1. A word included in an input sentence expressed in Japanese is identified, and a dependency relation between the phrases is identified by recognizing a dependency relation between the phrases as a basic unit of a phrase consisting of one or more words.

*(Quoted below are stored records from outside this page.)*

lemma induced_ladder_token_square:
  assumes sg: "simple_graph V E" and c4: "C4_free V E" and dm: "diamond_free V E"
    and L: "induced_ladder (token_vertices V k) (token_edges V E k) m phi" and "i < m"
  shows "symdiff (phi (0, i)) (phi (1, i)) = symdiff (phi (0, Suc i)) (phi (1, Suc i))"
    and "symdiff (phi (0, i)) (phi (0, Suc i)) = symdiff (phi (1, i)) (phi (1, Suc i))"
proof -
  have inj: "inj_on phi (ladder_verts m)" using L unfolding induced_ladder_def by blast
  have square: "symdiff (phi a) (phi b) = symdiff (phi d) (phi c)"
    if "a \<in> ladder_verts m" "b \<in> ladder_verts m" "c \<in> ladder_verts m" "d \<in> ladder_verts m"
      and "ladder_adj a b" "ladder_adj b c" "ladder_adj c d" "ladder_adj d a"
      and "\<not> ladder_adj a c" "\<not> ladder_adj b d" "a \<noteq> c" "b \<noteq> d" for a b c d
    by (rule four_cycle_parallel_symdiff_eq[OF sg c4 dm])
      (use that induced_ladder_token_symdiff_iff[OF L] inj_on_contraD[OF inj] in auto)
  have verts: "(0, i) \<in> ladder_verts m" "(1, i) \<in> ladder_verts m"
    "(0, Suc i) \<in> ladder_verts m" "(1, Suc i) \<in> ladder_verts m"
    using \<open>i < m\<close> by (auto simp: ladder_verts_def)
  show "symdiff (phi (0, i)) (phi (1, i)) = symdiff (phi (0, Suc i)) (phi (1, Suc i))"
    using square[of "(0, i)" "(1, i)" "(1, Suc i)" "(0, Suc i)"] verts
    by (simp add: ladder_adj_def)
  show "symdiff (phi (0, i)) (phi (0, Suc i)) = symdiff (phi (1, i)) (phi (1, Suc i))"
    using square[of "(0, i)" "(0, Suc i)" "(1, Suc i)" "(1, i)"] verts
    by (simp add: ladder_adj_def)
qed

lemma induced_ladder_token_rung_symdiff:
  assumes sg: "simple_graph V E" and c4: "C4_free V E" and dm: "diamond_free V E"
    and L: "induced_ladder (token_vertices V k) (token_edges V E k) m phi"
  shows "i \<le> m \<Longrightarrow> symdiff (phi (0, i)) (phi (1, i)) = symdiff (phi (0, 0)) (phi (1, 0))"
proof (induction i)
  case 0
  show ?case by simp
next
  case (Suc i)
  then show ?case using induced_ladder_token_square(1)[OF sg c4 dm L, of i] by simp
qed

definition edge_label :: "'a set set \<Rightarrow> 'a set" where
  "edge_label e = \<Union>e - \<Inter>e"

lemma edge_label_doubleton [simp]: "edge_label {X, Y} = symdiff X Y"
  by (auto simp: edge_label_def symdiff_def)

lemma connected_by_ladder_token_edge_label:
  assumes sg: "simple_graph V E" and c4: "C4_free V E" and dm: "diamond_free V E"
    and "connected_by_ladder (token_vertices V k) (token_edges V E k) e f"
  shows "edge_label e = edge_label f"
proof -
  obtain m phi where L: "induced_ladder (token_vertices V k) (token_edges V E k) m phi"
    and rungs: "(\<exists>i\<le>m. \<exists>j\<le>m. e = {phi (0, i), phi (1, i)} \<and> f = {phi (0, j), phi (1, j)}) \<or>
      (m = 1 \<and> (\<exists>i\<le>1. \<exists>j\<le>1. e = {phi (i, 0), phi (i, 1)} \<and> f = {phi (j, 0), phi (j, 1)}))"
    using assms(4) unfolding connected_by_ladder_def by blast
  from rungs show ?thesis
  proof (elim disjE exE conjE)
    fix i j
    assume "i \<le> m" "j \<le> m" "e = {phi (0, i), phi (1, i)}" "f = {phi (0, j), phi (1, j)}"
    then show ?thesis
      using induced_ladder_token_rung_symdiff[OF sg c4 dm L \<open>i \<le> m\<close>]
        induced_ladder_token_rung_symdiff[OF sg c4 dm L \<open>j \<le> m\<close>]
      by simp
  next
    fix i j :: nat
    assume "m = 1" "i \<le> 1" "j \<le> 1"
      and "e = {phi (i, 0), phi (i, 1)}" "f = {phi (j, 0), phi (j, 1)}"
    moreover have "symdiff (phi (0, 0)) (phi (0, 1)) = symdiff (phi (1, 0)) (phi (1, 1))"
      using induced_ladder_token_square(2)[OF sg c4 dm L, of 0] \<open>m = 1\<close> by simp
    ultimately show ?thesis by (auto simp: le_Suc_eq)
  qed
qed

lemma rtrancl_symcl_invariant:
  assumes "(x, y) \<in> (R \<union> R\<inverse>)\<^sup>*" and "\<And>x y. (x, y) \<in> R \<Longrightarrow> f x = f y"
  shows "f x = f y"
  using assms(1) by induction (auto dest: assms(2))

theorem proposition23:
  fixes V :: "'a set" and E :: "'a set set" and k :: nat and A B A' B' :: "'a set"
  assumes "finite V" and "simple_graph V E"
    and "C4_free V E" and "diamond_free V E"
    and "{A, B} \<in> token_edges V E k" and "{A', B'} \<in> token_edges V E k"
    and "same_ladder_class (token_vertices V k) (token_edges V E k) {A, B} {A', B'}"
  shows "symdiff A B = symdiff A' B'"
proof -
  let ?R = "ladder_rel (token_vertices V k) (token_edges V E k)"
  have "({A, B}, {A', B'}) \<in> (?R \<union> ?R\<inverse>)\<^sup>*"
    using assms(7) unfolding same_ladder_class_def by blast
  then have "edge_label {A, B} = edge_label {A', B'}"
  proof (rule rtrancl_symcl_invariant)
    show "edge_label e = edge_label f" if "(e, f) \<in> ?R" for e f
      using that connected_by_ladder_token_edge_label[OF assms(2-4)]
      unfolding ladder_rel_def by blast
  qed
  then show ?thesis by simp
qed

end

A Japanese parsing method that performs syntactic analysis, in which a group of one or more clauses forming a predicate phrase is extracted, and the predescription phrase is graded according to the strength of independence so as to match the Japanese expression structure. And analyze the structure of the input sentence based on the strength of the independence of the predescription phrase, and further certify the dependency relation between each clause in the structure-analyzed input sentence. A Japanese parsing method characterized by parsing.